This past weekend, on our one day San Juan Islands kayak tour, we found an unusual jelly fish that we have never before encountered in this area on our kayaking trips. As you can see from the photo, it was stunningly beautiful with an amber bell, purple stinging tentacles, and pink oral tentacles. It was about 8 inches in diameter and 2 feet long.
It turned out to be a type of true jelly in the class Scyphozoa, commonly called the sea nettle. Several other species of jellies are commonly called “sea nettle” so its important to know the scientific name for jellies to avoid this kind of confusion. Chrysaora fuscescens is common in coastal waters of California and Oregon, less so west to Japan, north to the Gulf of Alaska, and south to the Baja Peninsula. It usually reaches its greatest abundance in late summer or autumn and it one of the few jellies to survive well into the winter months.
Chrysaora fuscescens does not often venture into inland waters like the San Juan Islands so far from the Pacific Ocean. But this would be the best season to find one, and this year especially so. That’s because some scientists suspect that its population is increasing due to human influences, such as excessive nitrogen from sewage and farms, and higher ocean temperatures. If true, this jelly may be having a negative impact on larval fishes such as salmon that are crucial to our eagles and orca whales.

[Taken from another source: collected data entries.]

lemma colex_ctx_in_lamk_image:
  "finite T \<Longrightarrow> i < card T \<Longrightarrow> colex_ctx k T i \<in> lamk k ` T"
  unfolding colex_ctx_def by (metis image_eqI length_colex_nodes nth_mem set_colex_nodes)

lemma ctx_block_interval:
  assumes "finite T" "i \<in> ctx_block k T w" "l \<in> ctx_block k T w" "i \<le> j" "j \<le> l"
  shows "j \<in> ctx_block k T w"
  using assms colex_ctx_between[of T i j l k] by (auto simp: ctx_block_def)

lemma n_w_conv_ctx_block: "finite T \<Longrightarrow> n_w k T w = card (ctx_block k T w)"
  unfolding n_w_def ctx_block_def colex_ctx_def by (rule card_nodes_conv_colex)

lemma n_wc_conv_ctx_block:
  "finite T \<Longrightarrow> n_wc k T w c = card {i \<in> ctx_block k T w. has_edge T c i}"
  unfolding n_wc_def ctx_block_def colex_ctx_def has_edge_def
  by (simp add: card_nodes_conv_colex conj_assoc)

lemma card_run_break_conv_sum_ctx_block:
  assumes "finite T"
  shows "card {i. run_break T c i}
    = (\<Sum>w\<in>lamk k ` T. card {i \<in> ctx_block k T w. run_break T c i})"
proof -
  have "{i. run_break T c i} = (\<Union>w\<in>lamk k ` T. {i \<in> ctx_block k T w. run_break T c i})"
    using colex_ctx_in_lamk_image[OF assms] by (auto simp: ctx_block_def run_break_def)
  moreover have "card (\<Union>w\<in>lamk k ` T. {i \<in> ctx_block k T w. run_break T c i})
      = (\<Sum>w\<in>lamk k ` T. card {i \<in> ctx_block k T w. run_break T c i})"
    using assms by (intro card_UN_disjoint) (auto simp: ctx_block_def)
  ultimately show ?thesis
    by simp
qed

lemma ctx_block_exit_unique:
  assumes "finite T" "i \<in> ctx_block k T w" "j \<in> ctx_block k T w"
    and "Suc i \<notin> ctx_block k T w" "Suc j \<notin> ctx_block k T w"
  shows "i = j"
proof -
  have False if "i' < j'" "i' \<in> ctx_block k T w" "j' \<in> ctx_block k T w"
    "Suc i' \<notin> ctx_block k T w" for i' j'
    using ctx_block_interval[OF assms(1) that(2,3), of "Suc i'"] that by simp
  then show ?thesis
    using assms by (metis linorder_neqE_nat)
qed

lemma card_ctx_block_run_breaks_le:
  assumes "finite T"
  shows "card {i \<in> ctx_block k T w. run_break T c i}
    \<le> card {i \<in> ctx_block k T w. \<not> has_edge T c i} + 1"
proof -
  let ?B = "ctx_block k T w"
  define Inner where "Inner = {i \<in> ?B. run_break T c i \<and> Suc i \<in> ?B}"
  define Exit where "Exit = {i \<in> ?B. run_break T c i \<and> Suc i \<notin> ?B}"
  have fin: "finite ?B"
    by (simp add: ctx_block_def)
  have "Suc ` Inner \<subseteq> {i \<in> ?B. \<not> has_edge T c i}"
    by (auto simp: Inner_def run_break_def ctx_block_def)
  then have "card (Suc ` Inner) \<le> card {i \<in> ?B. \<not> has_edge T c i}"
    using fin by (intro card_mono) auto
  then have "card Inner \<le> card {i \<in> ?B. \<not> has_edge T c i}"
    by (simp add: card_image)
  moreover have "card Exit \<le> 1"
    using fin ctx_block_exit_unique[OF assms]
    by (auto simp: Exit_def card_le_Suc0_iff_eq)
  moreover have "card {i \<in> ?B. run_break T c i} = card Inner + card Exit"
    using fin by (subst card_Un_disjoint[symmetric])
      (auto simp: Inner_def Exit_def intro: arg_cong[where f = card])
  ultimately show ?thesis
    by linarith
qed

Chrysaora fuscescens can grow as large as 3 feet in diameter, although most are less than 1 foot across. The long, spiraling oral arms and the 24 tentacles may stretch far as 12 to 15 feet. It is commonly displayed at public aquariums because it is colorful and relatively easy to raise. It takes only 3 months to bring them from polyp to adult. Pain caused by its sting is similar to that of a bee sting or brushing across nettles and does not have serious effects except in those individuals who are sensitive to the toxin.
The San Juan Islands are home to over 60 species of jelly fish with the greatest diversity present in spring. By summer, our waters are dominated by about 10 large species that have consumed all the smaller types! Some of our jellies glow at night making quite a spectacle on our bioluminescence night kayak tours.